On 08/14/2018 11:05 AM, ethanwu wrote:
> Item key collision is allowed for some item types, like dir item and
> inode refs, but the overall item size is limited by the leafsize.
> 
> item size(ins_len) passed from btrfs_insert_empty_items to
> btrfs_search_slot already contains size of btrfs_item.
> 
> When btrfs_search_slot reaches leaf, we'll see if we need to split leaf,
> since the ins_len includes one struct btrfs_item, the check might
> fail even though new item we try to insert could merge into the existing
> one without adding new btrfs_item.
> And split_leaf return -EOVERFLOW from following code:
> if (extend && data_size + btrfs_item_size_nr(l, slot) +
>     sizeof(struct btrfs_item) > BTRFS_LEAF_DATA_SIZE(fs_info))
>     return -EOVERFLOW;
> 
> In most cases, when callers receive -EOVERFLOW, they either return
> this error or handle in different ways. For example, in normal dir item
> insertion the userspace will get errno EOVERFLOW; in inode ref case
> INODE_EXTREF is used instead if INODE_REF is full.
> 
> However, this is not the case for rename. To avoid the unrecoverable
> situation in rename, btrfs_check_dir_item_collision is called in
> early phase of rename.
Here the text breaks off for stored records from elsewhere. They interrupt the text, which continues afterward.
lemma rank_order_iso_filter:
  assumes f: "order_iso_on f {q. z \<le> q} (UNIV :: 'a set)" and "z \<le> q"
  shows "\<rho> (f q) + \<rho> z = \<rho> q"
  using \<open>z \<le> q\<close>
proof (induction "\<rho> q" arbitrary: q rule: less_induct)
  case less
  show ?case
  proof (cases "q = z")
    case True
    then show ?thesis using rank_minimum order_iso_on_filter_minimum[OF f] by auto
  next
    case False
    then obtain q' where q': "z \<le> q'" "covers q' q"
      using covered_element_above less.prems by (metis order_less_le)
    then have "\<rho> q = Suc (\<rho> q')" by (simp add: rank_covers)
    then have "\<rho> (f q') + \<rho> z = \<rho> q'" using less.hyps q'(1) by simp
    moreover have "\<rho> (f q) = Suc (\<rho> (f q'))"
      using order_iso_on_filter_covers[OF f q'] by (simp add: rank_covers)
    ultimately show ?thesis using \<open>\<rho> q = Suc (\<rho> q')\<close> by simp
  qed
qed

end

lemma is_meet_unique: "is_meet S (a::'a::order) \<Longrightarrow> is_meet S b \<Longrightarrow> a = b"
  unfolding is_meet_def by (meson order_antisym)

lemma meet_semilattice_finite_meet:
  assumes "meet_semilattice TYPE('a::order)" and "finite S" and "S \<noteq> {}"
  shows "\<exists>z. is_meet (S::'a set) z"
  using assms(2,3)
proof (induction S rule: finite_ne_induct)
  case (singleton x)
  then show ?case by (auto simp: is_meet_def)
next
  case (insert x F)
  then obtain z where "is_meet F z" by blast
  moreover obtain w where "is_meet {x, z} w"
    using assms(1) unfolding meet_semilattice_def by blast
  ultimately have "is_meet (insert x F) w" unfolding is_meet_def by (auto intro: order_trans)
  then show ?case by blast
qed

lemma order_iso_on_filter_is_meet:
  assumes f: "order_iso_on f {q. z \<le> q} (UNIV :: 'a::order set)"
    and S: "S \<subseteq> {q. z \<le> q}" and "z \<le> w" and "is_meet S w"
  shows "is_meet (f ` S) (f w)"
  unfolding is_meet_def
proof (intro conjI allI impI ballI)
  show "f w \<le> s" if "s \<in> f ` S" for s
    using that f S assms(3,4) unfolding order_iso_on_def is_meet_def by blast
  show "d \<le> f w" if d: "\<forall>s\<in>f ` S. d \<le> s" for d
  proof -
    obtain d' where d': "z \<le> d'" "d = f d'" using order_iso_on_filter_obtain_preimage[OF f] .
    then have "\<forall>s\<in>S. d' \<le> s" using d f S unfolding order_iso_on_def by blast
    then show ?thesis using d' assms(3,4) f unfolding order_iso_on_def is_meet_def by blast
  qed
qed

lemma order_iso_on_filter_is_meet_iff:
  assumes ms: "meet_semilattice TYPE('a::order)"
    and f: "order_iso_on f {q. z \<le> q} (UNIV :: 'b::order set)"
    and S: "S \<subseteq> {q. z \<le> q}" "finite S" "S \<noteq> {}" and "z \<le> (w::'a)"
  shows "is_meet (f ` S) (f w) \<longleftrightarrow> is_meet S w"
proof
  assume fw: "is_meet (f ` S) (f w)"
  obtain w' where w': "is_meet S w'" using meet_semilattice_finite_meet[OF ms S(2,3)] by blast
  then have "z \<le> w'" using S(1) unfolding is_meet_def by blast
  then have "f w' = f w" using is_meet_unique order_iso_on_filter_is_meet[OF f S(1) _ w'] fw by blast
  then have "w' = w"
    using f \<open>z \<le> w'\<close> \<open>z \<le> w\<close> unfolding order_iso_on_def bij_betw_def inj_on_def by blast
  then show "is_meet S w" using w' by simp
qed (rule order_iso_on_filter_is_meet[OF f S(1) \<open>z \<le> w\<close>])

definition weighted_tuples :: "('a \<Rightarrow> nat) \<Rightarrow> nat \<Rightarrow> nat \<Rightarrow> (nat \<Rightarrow> 'a) set" where
  "weighted_tuples \<rho> k n = {p \<in> {..<k} \<rightarrow>\<^sub>E UNIV. (\<Sum>i<k. \<rho> (p i)) = n}"

definition meet_tuples :: "('a::order \<Rightarrow> nat) \<Rightarrow> nat \<Rightarrow> 'a \<Rightarrow> nat \<Rightarrow> (nat \<Rightarrow> 'a) set" where
  "meet_tuples \<rho> k z n = {p \<in> weighted_tuples \<rho> k n. is_meet (p ` {..<k}) z}"

lemma meet_tuple_gf_nth: "meet_tuple_gf \<rho> z m $ n = of_nat (card (meet_tuples \<rho> m z n))"
  unfolding meet_tuple_gf_def meet_tuples_def weighted_tuples_def
  by (auto intro!: arg_cong[where f = card])

lemma rank_gf_nth: "rank_gf \<rho> $ n = of_nat (card {p. \<rho> p = n})"
  by (simp add: rank_gf_def)

lemma finite_type_rank_le:
  assumes "finite_type \<rho>"
  shows "finite {p. \<rho> p \<le> n}"
proof -
  have "{p. \<rho> p \<le> n} = (\<Union>i\<le>n. {p. \<rho> p = i})" by auto
  then show ?thesis using assms unfolding finite_type_def by simp
qed

lemma finite_weighted_tuples:
  assumes "finite_type \<rho>"
  shows "finite (weighted_tuples \<rho> k n)"
proof (rule finite_subset)
  show "weighted_tuples \<rho> k n \<subseteq> {..<k} \<rightarrow>\<^sub>E {p. \<rho> p \<le> n}"
  proof
    fix p assume p: "p \<in> weighted_tuples \<rho> k n"
    have "\<rho> (p i) \<le> n" if "i < k" for i
      using p member_le_sum[of i "{..<k}" "\<lambda>i. \<rho> (p i)"] that
      unfolding weighted_tuples_def by simp
    then show "p \<in> {..<k} \<rightarrow>\<^sub>E {p. \<rho> p \<le> n}"
      using p unfolding weighted_tuples_def by auto
  qed
  show "finite ({..<k} \<rightarrow>\<^sub>E {p. \<rho> p \<le> n})"
    using finite_type_rank_le[OF assms] by (simp add: finite_PiE)
qed

lemma weighted_tuples_Suc:
  "weighted_tuples \<rho> (Suc k) n
     = (\<lambda>(y, g). g(k := y)) ` (\<Union>i\<le>n. {p. \<rho> p = i} \<times> weighted_tuples \<rho> k (n - i))"
    (is "_ = ?upd ` ?pairs")
proof -
  have sum_upd: "(\<Sum>i<Suc k. \<rho> ((g(k := y)) i)) = (\<Sum>i<k. \<rho> (g i)) + \<rho> y" for g y
    by (auto intro!: sum.cong)
  show ?thesis
  proof (intro equalityI subsetI)
    fix p assume p: "p \<in> weighted_tuples \<rho> (Suc k) n"
    define g where "g = restrict p {..<k}"
    define y where "y = p k"
    have yg: "p = g(k := y)" "g \<in> {..<k} \<rightarrow>\<^sub>E UNIV"
      using p by (auto simp: weighted_tuples_def g_def y_def PiE_iff extensional_def fun_eq_iff)
    then have "\<rho> y \<le> n" "(y, g) \<in> {q. \<rho> q = \<rho> y} \<times> weighted_tuples \<rho> k (n - \<rho> y)"
      using p sum_upd by (auto simp: weighted_tuples_def)
    then show "p \<in> ?upd ` ?pairs" using yg(1) by force
  next
    fix p assume "p \<in> ?upd ` ?pairs"
    then obtain y g where "p = g(k := y)" "\<rho> y \<le> n" "g \<in> weighted_tuples \<rho> k (n - \<rho> y)"
      by auto
    then show "p \<in> weighted_tuples \<rho> (Suc k) n"
      using sum_upd by (auto simp: weighted_tuples_def PiE_iff extensional_def)
  qed
qed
In this function, when item key collision is
> detected leaf space is checked:
> 
> data_size = sizeof(*di) + name_len;
> if (data_size + btrfs_item_size_nr(leaf, slot) +
>     sizeof(struct btrfs_item) > BTRFS_LEAF_DATA_SIZE(root->fs_info))
> 
> the sizeof(struct btrfs_item) + btrfs_item_size_nr(leaf, slot) here
> refers to existing item size.
> 
> The check condition here is not consistent with the btrfs_search_slot
> when item key collision happens. We might pass check here but fail
> at btrfs_search_slot.
> 
> in the rename call path
> btrfs_add_link
>   btrfs_insert_dir_item
>     insert_with_overflow
>       btrfs_insert_empty_items (btrfs item is counted)
>         btrfs_search_slot
> 
> if (ins_len > 0 &&
>     btrfs_leaf_free_space(fs_info, b) < ins_len) {
> 
> The ins_len here contains btrfs_item and the item data, but this
> btrfs_item is already in leaf used space, two btrfs_item is counted and
> we only need one when this is item key collision cases.
> Therfore, rename fails, and abort transaction is triggered with
> following error messages:
> BTRFS: error (device loop0) in btrfs_rename:9870: errno=-75 unknown
> 
> There are two ways to fix rename issue, one is to revert the patch
> 878f2d2cb355 Btrfs: fix max dir item size calculation
> to make the condition consistent.
> 
> The other way is to handle the leaf space check correctly when
> collision happens. I prefer the second one since it correct leaf
> space check in collision case. This fix needs unify the usage of ins_len
> in btrfs_search_slot to contain btrfs_item anyway and
> adjust all callers of btrfs_search_slot that intentionally pass ins_len
> without btrfs_item size to add size of btrfs_item from now.
> 
> dir item hash collision is not easy to reproduce.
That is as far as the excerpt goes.